I do not know the solution but below could be a starting point

(x^4+ 4y^2) = (x^2 + 2y^2 – 2xy)(x^2 + 2y^2 + 2xy)

SO 3^2008+ 4^ 2009 = (3^502)^4 + 4 * (4^502)^ 4
= (3^1004 + 2 *4^1004 + 2 * 12^502) (3^1004 + 2*4^1004 - 2 * 12^502)

Now if we show that (3^1004 + 2*4^1004 - 2 * 12^502) > 2009^182 we are through
 
Thanks for the food for thought, kaliprasad!

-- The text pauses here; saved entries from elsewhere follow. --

text \<open>(v,u) . a = v a u^-1, i.e. the coefficient at g is a(v^-1 g u).\<close>
definition biact :: "('g, 'b) monoid_scheme \<Rightarrow> 'g \<times> 'g \<Rightarrow> ('g \<Rightarrow> 'o::comm_ring_1) \<Rightarrow> ('g \<Rightarrow> 'o)" where
  "biact G vu a = (\<lambda>g. if g \<in> carrier G
      then a (inv\<^bsub>G\<^esub> (fst vu) \<otimes>\<^bsub>G\<^esub> g \<otimes>\<^bsub>G\<^esub> snd vu) else 0)"

definition Delta :: "('g \<Rightarrow> 'g) \<Rightarrow> 'g set \<Rightarrow> ('g \<times> 'g) set" where
  "Delta \<phi> Q = {(\<phi> u, u) | u. u \<in> Q}"

definition fixpts :: "('g, 'b) monoid_scheme \<Rightarrow> ('g \<times> 'g) set \<Rightarrow> ('g \<Rightarrow> 'o::comm_ring_1) set" where
  "fixpts G R = {a \<in> OG G. \<forall>r\<in>R. biact G r a = a}"

definition trace :: "('g, 'b) monoid_scheme \<Rightarrow> ('g \<times> 'g) set \<Rightarrow> ('g \<times> 'g) set
    \<Rightarrow> ('g \<Rightarrow> 'o::comm_ring_1) \<Rightarrow> ('g \<Rightarrow> 'o)" where
  "trace G D R a = (\<lambda>g. \<Sum>C\<in>{t <#\<^bsub>G \<times>\<times> G\<^esub> R | t. t \<in> D}. biact G (SOME t. t \<in> C) a g)"

definition lin_span :: "('g \<Rightarrow> 'o::comm_ring_1) set \<Rightarrow> ('g \<Rightarrow> 'o) set" where
  "lin_span S = {(\<lambda>x. \<Sum>a\<in>T. r a * a x) | T r. finite T \<and> T \<subseteq> S}"

text \<open>The kernel of Br_{Delta_phi(Q)}: sum of the Tr_R^Delta((OG)^R), R < Delta,
  plus J(O) (OG)^Delta.\<close>
definition brauer_ker :: "('g, 'b) monoid_scheme \<Rightarrow> 'g set \<Rightarrow> ('g \<Rightarrow> 'g) \<Rightarrow> ('g \<Rightarrow> 'o::comm_ring_1) set" where
  "brauer_ker G Q \<phi> = lin_span
     ((\<Union>R\<in>{R. subgroup R (G \<times>\<times> G) \<and> R \<subset> Delta \<phi> Q}. trace G (Delta \<phi> Q) R ` fixpts G R)
      \<union> {(\<lambda>g. j * a g) | j a. j \<in> jac_rad \<and> a \<in> fixpts G (Delta \<phi> Q)})"

definition br_fam :: "('g, 'b) monoid_scheme \<Rightarrow> 'g set \<Rightarrow> 'g set
    \<Rightarrow> (('g \<Rightarrow> 'g) \<Rightarrow> ('g \<Rightarrow> 'o::comm_ring_1)) set" where
  "br_fam G N Q = {F. \<forall>\<phi>\<in>Kgrp G N Q. F \<phi> \<in> fixpts G (Delta \<phi> Q)}"

text \<open>The element (Br_{Delta_phi(Q)}(F phi))_{phi in K} of the direct sum; each Brauer class is
  represented as the coset F phi + ker.\<close>
definition br_cls :: "('g, 'b) monoid_scheme \<Rightarrow> 'g set \<Rightarrow> 'g set
    \<Rightarrow> (('g \<Rightarrow> 'g) \<Rightarrow> ('g \<Rightarrow> 'o::comm_ring_1)) \<Rightarrow> (('g \<Rightarrow> 'g) \<Rightarrow> ('g \<Rightarrow> 'o) set)" where
  "br_cls G N Q F = (\<lambda>\<phi>. if \<phi> \<in> Kgrp G N Q
      then {(\<lambda>g. F \<phi> g + i g) | i. i \<in> brauer_ker G Q \<phi>} else {})"

definition ext_brauer :: "('g, 'b) monoid_scheme \<Rightarrow> 'g set \<Rightarrow> 'g set
    \<Rightarrow> (('g \<Rightarrow> 'g) \<Rightarrow> ('g \<Rightarrow> 'o::comm_ring_1) set) set" where
  "ext_brauer G N Q = br_cls G N Q ` br_fam G N Q"

text \<open>Product on representatives: Br_phi(a) Br_psi(c) = Br_{phi psi}(a c).\<close>
definition fam_mult :: "('g, 'b) monoid_scheme \<Rightarrow> 'g set \<Rightarrow> 'g set
    \<Rightarrow> (('g \<Rightarrow> 'g) \<Rightarrow> ('g \<Rightarrow> 'o::comm_ring_1)) \<Rightarrow> (('g \<Rightarrow> 'g) \<Rightarrow> ('g \<Rightarrow> 'o))
    \<Rightarrow> (('g \<Rightarrow> 'g) \<Rightarrow> ('g \<Rightarrow> 'o))" where
  "fam_mult G N Q F H = (\<lambda>\<phi> x. \<Sum>(\<chi>, \<omega>)\<in>{(\<chi>, \<omega>). \<chi> \<in> Kgrp G N Q \<and> \<omega> \<in> Kgrp G N Q
        \<and> compose Q \<chi> \<omega> = \<phi>}. gconv G (F \<chi>) (H \<omega>) x)"

text \<open>Action of y in N_G(Q): Br_phi(a) goes to Br_{phi^y}(y^-1 a y); on representatives
  the new family at chi is y^-1 F(chi^{y^-1}) y.\<close>
definition fam_act :: "('g, 'b) monoid_scheme \<Rightarrow> 'g set \<Rightarrow> 'g
    \<Rightarrow> (('g \<Rightarrow> 'g) \<Rightarrow> ('g \<Rightarrow> 'o::comm_ring_1)) \<Rightarrow> (('g \<Rightarrow> 'g) \<Rightarrow> ('g \<Rightarrow> 'o))" where
  "fam_act G Q y F = (\<lambda>\<chi> g. if g \<in> carrier G
      then F (phi_conj G Q (inv\<^bsub>G\<^esub> y) \<chi>) (y \<otimes>\<^bsub>G\<^esub> g \<otimes>\<^bsub>G\<^esub> inv\<^bsub>G\<^esub> y) else 0)"

text \<open>Homogeneous component of degree z C_N(Q) of the extended Brauer quotient:
  Br_{Delta_{phi_z}(Q)}((O N z)^{Delta_{phi_z}(Q)}) placed in the summand phi_z.\<close>
definition ext_brauer_comp :: "('g, 'b) monoid_scheme \<Rightarrow> 'g set \<Rightarrow> 'g set \<Rightarrow> 'g
    \<Rightarrow> (('g \<Rightarrow> 'g) \<Rightarrow> ('g \<Rightarrow> 'o::comm_ring_1) set) set" where
  "ext_brauer_comp G N Q z = {br_cls G N Q F | F. F \<in> br_fam G N Q
      \<and> (\<forall>\<phi>. \<phi> \<noteq> conj_aut G z Q \<longrightarrow> F \<phi> = (\<lambda>_. 0))
      \<and> (\<forall>g. g \<notin> N #>\<^bsub>G\<^esub> z \<longrightarrow> F (conj_aut G z Q) g = 0)}"

definition kNK :: "('g, 'b) monoid_scheme \<Rightarrow> 'g set \<Rightarrow> 'g set \<Rightarrow> ('g \<Rightarrow> 'k::field) set" where
  "kNK G N Q = {f. \<forall>x. x \<notin> NK G N Q \<longrightarrow> f x = 0}"

definition kconv :: "('g, 'b) monoid_scheme \<Rightarrow> 'g set \<Rightarrow> 'g set
    \<Rightarrow> ('g \<Rightarrow> 'k::field) \<Rightarrow> ('g \<Rightarrow> 'k) \<Rightarrow> ('g \<Rightarrow> 'k)" where
  "kconv G N Q f h = (\<lambda>x. if x \<in> NK G N Q
      then (\<Sum>y\<in>NK G N Q. f y * h (inv\<^bsub>G\<^esub> y \<otimes>\<^bsub>G\<^esub> x)) else 0)"

text \<open>Conjugation action of y: y^-1 f y, coefficient at x is f(y x y^-1).\<close>
definition kact :: "('g, 'b) monoid_scheme \<Rightarrow> 'g set \<Rightarrow> 'g set \<Rightarrow> 'g
    \<Rightarrow> ('g \<Rightarrow> 'k::field) \<Rightarrow> ('g \<Rightarrow> 'k)" where
  "kact G N Q y f = (\<lambda>x. if x \<in> NK G N Q then f (y \<otimes>\<^bsub>G\<^esub> x \<otimes>\<^bsub>G\<^esub> inv\<^bsub>G\<^esub> y) else 0)"

definition kNK_comp :: "('g, 'b) monoid_scheme \<Rightarrow> 'g set \<Rightarrow> 'g set \<Rightarrow> 'g \<Rightarrow> ('g \<Rightarrow> 'k::field) set" where
  "kNK_comp G N Q z = {f \<in> kNK G N Q. \<forall>x. x \<notin> CN G N Q #>\<^bsub>G\<^esub> z \<longrightarrow> f x = 0}"

end

theory Submission
  imports Defs "HOL-Algebra.Left_Coset"
begin

text \<open>The isomorphism sends \<open>x \<in> N\<^sub>G\<^sup>K(Q)\<close> to the Brauer class of \<open>x\<close> in the summand
  indexed by \<open>\<phi>\<^sub>x\<close>. Everything rests on a description of the kernel of
  \<open>Br\<^bsub>\<Delta>\<^sub>\<phi>(Q)\<^esub>\<close>: a \<open>\<Delta>\<^sub>\<phi>(Q)\<close>-fixed element \<open>a\<close> of \<open>OG\<close> lies in it iff
  \<open>a(x) \<in> J(O)\<close> for every \<open>x\<close> with \<open>\<phi>\<^sub>x = \<phi>\<close>. Let \<open>Q\<close> act on \<open>G\<close> by
  \<open>u \<cdot> g = \<phi>(u) g u\<^sup>-\<^sup>1\<close>; its fixed points are exactly the \<open>x\<close> with \<open>\<phi>\<^sub>x = \<phi>\<close>.
  A fixed element is constant on orbits, and the indicator of a non-trivial orbit
  through \<open>x\<close> is the relative trace of \<open>x\<close> from the stabiliser of \<open>x\<close>, a proper
  subgroup of \<open>\<Delta>\<^sub>\<phi>(Q)\<close>. Conversely a relative trace from a proper subgroup
  multiplies the coefficient at a fixed point by an index divisible by \<open>p\<close>.
  So a family of fixed elements is determined modulo the kernels by its reduced
  coefficients on \<open>N\<^sub>G\<^sup>K(Q)\<close>, and each structure map of the extended Brauer
  quotient becomes the corresponding one of \<open>kN\<^sub>G\<^sup>K(Q)\<close>. For products this uses
  once more that modulo \<open>p\<close> a sum over a set with a \<open>p\<close>-group action only sees
  the fixed points.\<close>

context
  fixes res :: "'o::comm_ring_1 \<Rightarrow> 'k::field"
  assumes res: "residue_map res"
begin

lemma residue_map_add: "res (a + b) = res a + res b"
  using res by (simp add: residue_map_def)

lemma residue_map_mult: "res (a * b) = res a * res b"
  using res by (simp add: residue_map_def)

lemma residue_map_one: "res 1 = 1"
  using res by (simp add: residue_map_def)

Solution proposed by other:
We use the standard factorization:

$$x^4+4y^4=(x^2+2xy+2y^2)(x^2-2xy+2y^2)$$

Observe that for any integers $x, y$,

$$x^2+2xy+2y^2=(x+y)^2+y^2 \ge y^2$$ and

$$x^2-2xy+2y^2=(x-y)^2+y^2 \ge y^2$$

We write

$$3^{2008}+4^{2009}=3^{2008}+4(4^{2008})$$

$$\;\;\;\;\;\;\;\;\;\;\;\;\;\;\;\;\;\;\;\;=(3^{502})^4+4(4^{502})^4$$

$$\;\;\;\;\;\;\;\;\;\;\;\;\;\;\;\;\;\;\;\;=((3^{502})^2)^2+2((3^{502})^2(4^{502})^2+2((4^{502})^2)((3^{502})^2)^2-2((3^{502})^2(4^{502})^2+2((4^{502})^2)$$

with both

$$((3^{502})^2)^2+2((3^{502})^2(4^{502})^2+2((4^{502})^2) \ge (4^{502})^2$$

and

$$((3^{502})^2)^2-2((3^{502})^2(4^{502})^2+2((4^{502})^2) \ge (4^{502})^2$$

And notice that

$$(4^{502})^2=2^{2008}>2^{2002}=(2^{11})^{182}=2048^{182}>2009^{182}$$

and hence we're done.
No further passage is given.